In depth Wikipedia style explanation
According to Wikipedia, a closure is:
Techniques for implementing lexically scoped name binding in languages with first-class functions.
What does that mean? Lets look into some definitions.
I will explain closures and other related definitions by using this example:
function startAt(x) {
return function (y) {
return x + y;
}
}
var closure1 = startAt(1);
var closure2 = startAt(5);
console.log(closure1(3)); // 4 (x == 1, y == 3)
console.log(closure2(3)); // 8 (x == 5, y == 3)
First-class functions
Basically that means we can use functions just like any other entity. We can modify them, pass them as arguments, return them from functions or assign them for variables. Technically speaking, they are first-class citizens, hence the name: first-class functions.
In the example above, startAt returns an (anonymous) function which function get assigned to closure1 and closure2. So as you see JavaScript treats functions just like any other entities (first-class citizens).
Name binding
Name binding is about finding out what data a variable (identifier) references. The scope is really important here, as that is the thing that will determine how a binding is resolved.
In the example above:
In the inner anonymous function's scope, y is bound to 3.
In startAt's scope, x is bound to 1 or 5 (depending on the closure).
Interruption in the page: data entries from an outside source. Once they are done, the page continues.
(* Let $X$ be a topological space and let $g,f:X\to\mathbb{R}$ be functions with $g\le f$ (i.e. $g(x)\le f(x)$ for all $x\in X$). Suppose there exist a strong binary relation $\rho$ on the power set $\mathcal{P}(X)$, and, for each rational number $t$, lower indefinite cut sets $A(f,t)$ and $A(g,t)$ in the domain of $f$ and $g$ respectively at the level $t$, such that whenever $t_1<t_2$ are rationals we have $A(f,t_1)\,\rho\,A(g,t_2)$. (a) If every $\Lambda$-set in $X$ is open, then there exists a contra-continuous function $h:X\to\mathbb{R}$ with $g\le h\le f$. (b) If every $\Lambda$-set in $X$ is a $G_\delta$-set, then there exists a Baire-one function $h:X\to\mathbb{R}$ with $g\le h\le f$.
   Context: A $\Lambda$-set in a topological space $X$ is a set that is an intersection of open sets. For $A\subseteq X$, define $A^{\Lambda}=\bigcap\{O: O\supseteq A,\ O \text{ open}\}$ and $A^{V}=\bigcup\{F: F\subseteq A,\ F \text{ closed}\}$. For a binary relation $\rho$ on a set $S$, define $\bar\rho$ by: $x\,\bar\rho\,y$ iff for all $u,v\in S$, ($y\,\rho\,v$ implies $x\,\rho\,v$) and ($u\,\rho\,x$ implies $u\,\rho\,y$). A binary relation $\rho$ on $\mathcal{P}(X)$ is a strong binary relation if: (1) whenever $A_i\,\rho\,B_j$ for all $i\in\{1,\dots,m\}$ and $j\in\{1,\dots,n\}$, there is $C\in\mathcal{P}(X)$ with $A_i\,\rho\,C$ and $C\,\rho\,B_j$ for all such $i,j$; (2) $A\subseteq B$ implies $A\,\bar\rho\,B$; (3) $A\,\rho\,B$ implies $A^{\Lambda}\subseteq B$ and $A\subseteq B^{V}$. For $f:X\to\mathbb{R}$ and $l\in\mathbb{R}$, a set $A(f,l)$ with $\{x: f(x)<l\}\subseteq A(f,l)\subseteq\{x: f(x)\le l\}$ is a lower indefinite cut set in the domain of $f$ at level $l$. A function $h:X\to\mathbb{R}$ is contra-continuous (resp. Baire-one) if the preimage of every open subset of $\mathbb{R}$ is closed (resp. an $F_\sigma$-set) in $X$. *)

theory Defs
  imports "HOL-Analysis.Analysis"
begin

text \<open>A Lambda-set in X: an intersection of (an arbitrary family of) open sets of X.
  The empty family gives X itself.\<close>
definition lambda_set_in :: "'a topology \<Rightarrow> 'a set \<Rightarrow> bool" where
  "lambda_set_in T S \<longleftrightarrow> (\<exists>\<U>. (\<forall>U\<in>\<U>. openin T U) \<and> S = topspace T \<inter> \<Inter>\<U>)"

definition lambda_hull :: "'a topology \<Rightarrow> 'a set \<Rightarrow> 'a set" where
  "lambda_hull T A = topspace T \<inter> \<Inter>{U. openin T U \<and> A \<subseteq> U}"

definition vee_kernel :: "'a topology \<Rightarrow> 'a set \<Rightarrow> 'a set" where
  "vee_kernel T A = \<Union>{F. closedin T F \<and> F \<subseteq> A}"

definition rel_bar :: "'a topology \<Rightarrow> ('a set \<Rightarrow> 'a set \<Rightarrow> bool) \<Rightarrow> 'a set \<Rightarrow> 'a set \<Rightarrow> bool" where
  "rel_bar T \<rho> x y \<longleftrightarrow>
     (\<forall>u v. u \<subseteq> topspace T \<and> v \<subseteq> topspace T \<longrightarrow>
        (\<rho> y v \<longrightarrow> \<rho> x v) \<and> (\<rho> u x \<longrightarrow> \<rho> u y))"

text \<open>Strong binary relation on P(X). The finite families A_1..A_m, B_1..B_n
  (m, n >= 1) are represented by finite nonempty sets of subsets of X.\<close>
definition strong_binary_relation :: "'a topology \<Rightarrow> ('a set \<Rightarrow> 'a set \<Rightarrow> bool) \<Rightarrow> bool" where
  "strong_binary_relation T \<rho> \<longleftrightarrow>
     (\<forall>\<A> \<B>. finite \<A> \<and> finite \<B> \<and> \<A> \<noteq> {} \<and> \<B> \<noteq> {} \<and>
        \<A> \<subseteq> Pow (topspace T) \<and> \<B> \<subseteq> Pow (topspace T) \<and>
        (\<forall>A\<in>\<A>. \<forall>B\<in>\<B>. \<rho> A B) \<longrightarrow>
        (\<exists>C. C \<subseteq> topspace T \<and> (\<forall>A\<in>\<A>. \<rho> A C) \<and> (\<forall>B\<in>\<B>. \<rho> C B)))
   \<and> (\<forall>A B. A \<subseteq> B \<and> B \<subseteq> topspace T \<longrightarrow> rel_bar T \<rho> A B)
   \<and> (\<forall>A B. A \<subseteq> topspace T \<and> B \<subseteq> topspace T \<and> \<rho> A B \<longrightarrow>
        lambda_hull T A \<subseteq> B \<and> A \<subseteq> vee_kernel T B)"

definition lower_cut_set :: "'a topology \<Rightarrow> ('a \<Rightarrow> real) \<Rightarrow> real \<Rightarrow> 'a set \<Rightarrow> bool" where
  "lower_cut_set T f l A \<longleftrightarrow>
     {x \<in> topspace T. f x < l} \<subseteq> A \<and> A \<subseteq> {x \<in> topspace T. f x \<le> l}"

definition contra_continuous_on :: "'a topology \<Rightarrow> ('a \<Rightarrow> real) \<Rightarrow> bool" where
  "contra_continuous_on T h \<longleftrightarrow>
     (\<forall>U. open U \<longrightarrow> closedin T {x \<in> topspace T. h x \<in> U})"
Inside the anonymous function's scope, x is not bound to any value, so it needs to be resolved in an upper (startAt's) scope.
Lexical scoping
As Wikipedia says, the scope:
Is the region of a computer program where the binding is valid: where the name can be used to refer to the entity.
There are two techniques:
Lexical (static) scoping: A variable's definition is resolved by searching its containing block or function, then if that fails searching the outer containing block, and so on.
Dynamic scoping: Calling function is searched, then the function which called that calling function, and so on, progressing up the call stack.
For more explanation, check out this question and take a look at Wikipedia.
In the example above, we can see that JavaScript is lexically scoped, because when x is resolved, the binding is searched in the upper (startAt's) scope, based on the source code (the anonymous function that looks for x is defined inside startAt) and not based on the call stack, the way (the scope where) the function was called.
Wrapping (closuring) up
In our example, when we call startAt, it will return a (first-class) function that will be assigned to closure1 and closure2 thus a closure is created, because the passed variables 1 and 5 will be saved within startAt's scope, that will be enclosed with the returned anonymous function. When we call this anonymous function via closure1 and closure2 with the same argument (3), the value of y will be found immediately (as that is the parameter of that function), but x is not bound in the scope of the anonymous function, so the resolution continues in the (lexically) upper function scope (that was saved in the closure) where x is found to be bound to either 1 or 5. Now we know everything for the summation so the result can be returned, then printed.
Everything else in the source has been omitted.